I love debating because I think it is the best way to learn/extract more information from the other person....Using my Ne I can "see" both sides of an argument but sometimes I deliberately choose to take a stand opposite the other person (usually the "loosing side")...in the process of the debate I use Ti to I point out the flaws in his as well as my own argument and most times it becomes a learning session for me...

So I just use debate to *bounce ideas off* the others.... I think this would be true for all Ne dominant/auxiliary personalities 

many times during a debate I just throw in an idea which at first looks irrelevant to my INTJ friend and gradually I fill in the gaps to connect it to the subject of debate...it annoys the hell out of him

but if I am not interested in debating then I just let the other person do the talking and only thing I do is to use Ti to find flaws in his arguments...


----------



## reallypoorasian (Aug 19, 2011)

I personally really like we're having a debate about debate.


----------



## lirulin (Apr 16, 2010)

I think I'll put in a vote for ENTJs. They are damn good at it, louder than me - and end up arguing the same topic at the end as the beginning, which is less likely, though not impossible, with NTPs.

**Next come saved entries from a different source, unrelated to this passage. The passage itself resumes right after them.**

(* Let $\mathbb F$ be any field, $n\ge k>1$, let $\mathcal K\subseteq M_{n\times k}(\mathbb F)$ be a linear variety such that $\det_{n,k}(X)=0$ for all $X\in\mathcal K$, and let $B^*\subseteq[n]\times[k]$ be a cobasis of $\mathcal M(\mathcal K)$. If there exist $1\le i'\le n$ and $1\le j'\le k$ such that $|B^*\cap(\{i'\}\times[k])|=l$ and $B^*\cap([n]\times\{j'\})=\varnothing$, then there exists a linear variety $\mathcal K'\subseteq M_{(n-1)\times(k-1)}(\mathbb F)$ with $\operatorname{codim}(\mathcal K')\le\operatorname{codim}(\mathcal K)-l$ such that $\det_{n-1,k-1}(X')=0$ for all $X'\in\mathcal K'$.
   Context: A linear variety is a nonempty set $\mathbf s+V$ with $V$ a linear subspace (uniquely determined); codimension = ambient dimension minus $\dim V$. Identify $M_{n\times k}(\mathbb F)$ with $\mathbb F^{[n]\times[k]}$. Matroid $\mathcal M(\mathcal K)$ of $\mathcal K=\mathbf s+V\subseteq\mathbb F^E$: matroid on $E$ with rank function $r(S)=\dim\operatorname{span}\{x_e|_V:e\in S\}$, $x_e$ coordinate functionals; cobasis = complement of a basis. Cullis' determinant: $\det_{n,k}(X)=\sum_{c}\operatorname{sgn}(c)\det(X[c|))$, sum over $k$-subsets $c=\{c(1)<\dots<c(k)\}$ of $[n]$, $X[c|)$ the submatrix of rows in $c$, $\operatorname{sgn}(c)=(-1)^{\sum_\alpha(c(\alpha)-\alpha)}$. *)

theory Defs
  imports "HOL-Analysis.Analysis" "HOL-Combinatorics.Combinatorics" "HOL-Library.Function_Algebras"
begin

text \<open>Matrices in M_{n x k}(F) are identified with F^([n] x [k]): we represent them as
  functions on nat x nat that vanish outside the index set [n] x [k] (indices start at 1).\<close>

definition idx :: "nat \<Rightarrow> nat \<Rightarrow> (nat \<times> nat) set" where
  "idx n k = {1..n} \<times> {1..k}"

definition supported :: "(nat \<times> nat) set \<Rightarrow> ((nat \<times> nat) \<Rightarrow> 'a::zero) set" where
  "supported E = {x. \<forall>e. e \<notin> E \<longrightarrow> x e = 0}"

definition fscale :: "'a::field \<Rightarrow> ('b \<Rightarrow> 'a) \<Rightarrow> ('b \<Rightarrow> 'a)" where
  "fscale c x = (\<lambda>e. c * x e)"

definition linear_variety :: "(nat \<times> nat) set \<Rightarrow> ((nat \<times> nat) \<Rightarrow> 'a::field) set \<Rightarrow> bool" where
  "linear_variety E K \<longleftrightarrow> (\<exists>s V. s \<in> supported E \<and> module.subspace fscale V \<and>
      V \<subseteq> supported E \<and> K = (\<lambda>v. s + v) ` V)"

text \<open>The (uniquely determined) direction space V of a linear variety K = s + V.\<close>
definition direction :: "('b \<Rightarrow> 'a::field) set \<Rightarrow> ('b \<Rightarrow> 'a) set" where
  "direction K = {x - y | x y. x \<in> K \<and> y \<in> K}"

definition codim :: "(nat \<times> nat) set \<Rightarrow> ((nat \<times> nat) \<Rightarrow> 'a::field) set \<Rightarrow> nat" where
  "codim E K = card E - vector_space.dim fscale (direction K)"

text \<open>Matroid M(K): a set S \<subseteq> E is independent iff the family of restricted coordinate
  functionals (x_e|_V)_{e in S} is linearly independent over V = direction K.\<close>
definition mat_indep :: "((nat \<times> nat) \<Rightarrow> 'a::field) set \<Rightarrow> (nat \<times> nat) set \<Rightarrow> bool" where
  "mat_indep V S \<longleftrightarrow> (\<forall>c. (\<forall>v\<in>V. (\<Sum>e\<in>S. c e * v e) = 0) \<longrightarrow> (\<forall>e\<in>S. c e = 0))"

definition mat_basis :: "(nat \<times> nat) set \<Rightarrow> ((nat \<times> nat) \<Rightarrow> 'a::field) set \<Rightarrow> (nat \<times> nat) set \<Rightarrow> bool" where
  "mat_basis E V B \<longleftrightarrow> B \<subseteq> E \<and> mat_indep V B \<and> (\<forall>e\<in>E - B. \<not> mat_indep V (insert e B))"

definition mat_cobasis :: "(nat \<times> nat) set \<Rightarrow> ((nat \<times> nat) \<Rightarrow> 'a::field) set \<Rightarrow> (nat \<times> nat) set \<Rightarrow> bool" where
  "mat_cobasis E V C \<longleftrightarrow> (\<exists>B. mat_basis E V B \<and> C = E - B)"

text \<open>Cullis' determinant det_{n,k}; c(alpha) is the alpha-th smallest element of c.\<close>
definition cullis_det :: "nat \<Rightarrow> nat \<Rightarrow> ((nat \<times> nat) \<Rightarrow> 'a::field) \<Rightarrow> 'a" where
  "cullis_det n k X = (\<Sum>c\<in>{c. c \<subseteq> {1..n} \<and> card c = k}.
     let cs = sorted_list_of_set c in
     (-1) ^ (\<Sum>\<alpha>=1..k. cs ! (\<alpha> - 1) - \<alpha>) *
     (\<Sum>p\<in>{p. p permutes {1..k}}. of_int (sign p) * (\<Prod>\<alpha>=1..k. X (cs ! (\<alpha> - 1), p \<alpha>))))"

end

(*
  Let B be the basis of M(K) complementary to B*, and V the direction of K. Since B* misses
  column j', the whole column lies in B. The coordinates in B are independent functionals on V,
  so V contains vectors with arbitrary prescribed B-coordinates; in particular K contains a
  matrix P whose column j' is the unit vector e_i', and the directions W of V vanishing on
  column j' keep this property.

  Expanding every minor X[c|) along this unit column gives
  det_{n,k}(X) = (-1)^(i'+j') det_{n-1,k-1}(X') for X in P + W, where X' is X with row i' and
  column j' deleted: minors with i' not in c vanish, the row sets c containing i' correspond to
  the (k-1)-subsets of [n-1], and since sgn(c) = (-1)^(sum c + 1 + ... + k) the signs combine
  to (-1)^(i'+j'). Hence det_{n-1,k-1} vanishes on the linear variety K' = (P + W)'.

  The vectors of V dual to the elements of B outside row i' and column j' lie in W and remain
  independent after the deletion. As [n-1] x [k-1] corresponds to the positions outside row i'
  and column j', which split into these basis elements and B* minus row i', this gives
  codim K' <= |B* - row i'| = |B*| - l = codim K - l.
*)

theory Submission
  imports Defs "Jordan_Normal_Form.Determinant"
begin

section \<open>Expanding Cullis' determinant along a unit column\<close>

lemma sum_permutes_atLeastAtMost_eq_det:
  fixes M :: "nat \<Rightarrow> nat \<Rightarrow> 'a::comm_ring_1"
  shows "(\<Sum>p\<in>{p. p permutes {1..k}}. of_int (sign p) * (\<Prod>\<alpha>=1..k. M \<alpha> (p \<alpha>))) =
         det (mat k k (\<lambda>(a, b). M (Suc a) (Suc b)))"
proof -
  have Suc_bij: "bij_betw Suc {0..<k} {1..k}"
    by (simp add: bij_betw_def image_Suc_atLeastLessThan atLeastLessThanSuc_atLeastAtMost)
  have pred_bij: "bij_betw (\<lambda>x. x - 1) {1..k} {0..<k}"
    by (rule bij_betw_byWitness[where f' = Suc]) auto
  have prod_shift: "(\<Prod>\<alpha>=1..k. f \<alpha>) = (\<Prod>a=0..<k. f (Suc a))" for f :: "nat \<Rightarrow> 'a"
    using prod.reindex[of Suc "{0..<k}" f]
    by (simp add: image_Suc_atLeastLessThan atLeastLessThanSuc_atLeastAtMost)
  show ?thesis
    unfolding det_def'[of _ k, OF mat_carrier]
  proof (rule sym, rule sum.reindex_bij_witness[where j = "map_permutation {0..<k} Suc"
                                         and i = "map_permutation {1..k} (\<lambda>x. x - 1)"])
    fix p assume "p \<in> {p. p permutes {0..<k}}"
    then have p: "p permutes {0..<k}" by simp
    show "map_permutation {1..k} (\<lambda>x. x - 1) (map_permutation {0..<k} Suc p) = p"
      by (rule map_permutation_compose_inv[OF Suc_bij p]) simp
    show "map_permutation {0..<k} Suc p \<in> {p. p permutes {1..k}}"
      using map_permutation_permutes[OF Suc_bij p] by simp
    have "(\<Prod>\<alpha>=1..k. M \<alpha> (map_permutation {0..<k} Suc p \<alpha>)) = (\<Prod>a=0..<k. M (Suc a) (Suc (p a)))"
      unfolding prod_shift by (intro prod.cong refl) (simp add: map_permutation_apply)
    then show "of_int (sign (map_permutation {0..<k} Suc p)) * (\<Prod>\<alpha>=1..k. M \<alpha> (map_permutation {0..<k} Suc p \<alpha>))
      = of_int (sign p) * (\<Prod>a=0..<k. mat k k (\<lambda>(a, b). M (Suc a) (Suc b)) $$ (a, p a))"
      using p by (simp add: sign_map_permutation permutes_in_image)
  next
    fix p assume "p \<in> {p. p permutes {1..k}}"
    then have p: "p permutes {1..k}" by simp
    show "map_permutation {0..<k} Suc (map_permutation {1..k} (\<lambda>x. x - 1) p) = p"
      by (rule map_permutation_compose_inv[OF pred_bij p]) simp
    show "map_permutation {1..k} (\<lambda>x. x - 1) p \<in> {p. p permutes {0..<k}}"
      using map_permutation_permutes[OF pred_bij p] by simp
  qed
qed
(* Let $G_1$ and $G_2$ be finite groups each satisfying: for all $x,y$, $x^2=1$ or $y^2=1$ or $xy=yx$. Suppose that every abelian section of $G_2$ is isomorphic to a section of $G_1$, and that $G_1$ is nonabelian. Then $G_2$ is isomorphic to a section of $G_1$.
   Context: A section of a group is a quotient of one of its subgroups. *)

theory Defs
  imports "HOL-Algebra.Algebra"
begin

definition iso_to_section :: "('b, 'd) monoid_scheme \<Rightarrow> ('a, 'c) monoid_scheme \<Rightarrow> bool" where
  "iso_to_section S G \<longleftrightarrow>
     (\<exists>H N. subgroup H G \<and> normal N (G\<lparr>carrier := H\<rparr>) \<and> S \<cong> (G\<lparr>carrier := H\<rparr>) Mod N)"

definition sq_cond :: "('a, 'c) monoid_scheme \<Rightarrow> bool" where
  "sq_cond G \<longleftrightarrow> (\<forall>x\<in>carrier G. \<forall>y\<in>carrier G.
      x \<otimes>\<^bsub>G\<^esub> x = \<one>\<^bsub>G\<^esub> \<or> y \<otimes>\<^bsub>G\<^esub> y = \<one>\<^bsub>G\<^esub> \<or> x \<otimes>\<^bsub>G\<^esub> y = y \<otimes>\<^bsub>G\<^esub> x)"

end

theory Submission
  imports Defs
begin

They also were rated as the "most argumentative type" in an article I read a while back - when I find it, I shall post the link.
It was ENTJ>INTJ>INTP>ENTP

Here we are: the list is on page 65. For your reading pleasure:
http://aptinternational.org/assets/jptvol66_0706_apti.pdf

Best quotation from the article:


> In general, argumentativeness is considered a constructive communication trait, because the messages are content-oriented, not oriented toward attacking an individual, and high argumentativeness scores have been linked with positive outcomes in group and organizational experiences (Martin et al., 1998; Schullery, 1998). In his extensive review of argumentative literature, Rancer (1998) emphasized, “Perhaps the most important overall finding based on this body of research is that all of the outcomes or consequences of being argumentative are positive. That is, being motivated and skilled in argumentative communication is clearly considered positive across contexts and situations”


----------



## Scruffy (Aug 17, 2009)

NTJs seem better at debates. Reductionists.
They may hang onto a the implications of a misused argument, rather than hold onto the idea being expressed.

NTPs seem better at discussions. Expansionists.
They can lose logical flow/structure due to jumping the gun with dot connecting.


----------



## E_N_T_P (Aug 9, 2011)

Who would win? Depends who the judges are and if they "get it".


----------



## Ozymandias (May 6, 2011)

E_N_T_P said:


> Who would win? Depends who the judges are and if they "get it".


Now ask yourself: Would an INTP's answer stemming from Ti and Ne be too abstract for a "normal" judge to comprehend? Likewise would an ENTJ's ability to deliver facts and measurable criteria not be advantageous in such a situation?


----------



## Perseus (Mar 7, 2009)

Debate Competition - NTs ..Who would "win"?
INTP-can find logical loopholes Legal Eagles
ENTP-constantly adding new facts/ideas to the debate that can overwhelm opponents easily
INTJ-logical,shrewd,strategists. Comes second.
ENTJ- Wolf, got to be Top Dog, so they would win. 

P says it is not the quality of the argument that counts.


----------



## Coppertony (Jun 22, 2011)

Ozymandias said:


> Now ask yourself: Would an INTP's answer stemming from Ti and Ne be too abstract for a "normal" judge to comprehend? Likewise would an ENTJ's ability to deliver facts and measurable criteria not be advantageous in such a situation?


Ah, but then you're implying that a "normal" judge is the "good" or "correct" type of judge in this scenario. Those facts and measurable criteria too often find themselves relying on unasserted (or even unproven) claims. What if we were debating before an omniscient God?


----------



## Ozymandias (May 6, 2011)

Coppertony said:


> Ah, but then you're implying that a "normal" judge is the "good" or "correct" type of judge in this scenario. Those facts and measurable criteria too often find themselves relying on unasserted (or even unproven) claims. What if we were debating before an omniscient God?


Then the type with the most cogent arguments wins. This still doesn't help us reach a conclusion as to who is the better debater. It seems that the votes will have to be based on the arguments we brought forth in this forum and therefor personal opinion...


----------



## Monkey King (Nov 16, 2010)

With an audience as judge-- it's more than likely that an ENTJ will win. Te will be able to articulate complex systems in laymans term.

And if God was judge then I'd simply ask who would win. There'd be no point in debating after the question is answered.


----------



## Ozymandias (May 6, 2011)

Monkey King said:


> With an audience as judge-- it's more than likely that an ENTJ will win. Te will be able to articulate complex systems in laymans term.
> 
> And if God was judge then I'd simply ask who would win. There'd be no point in debating after the question is answered.


Now that you mention it, my INTP friend can't express his thoughts verbally (in a language any layman can comprehend) to save his life! That has to count for something.


----------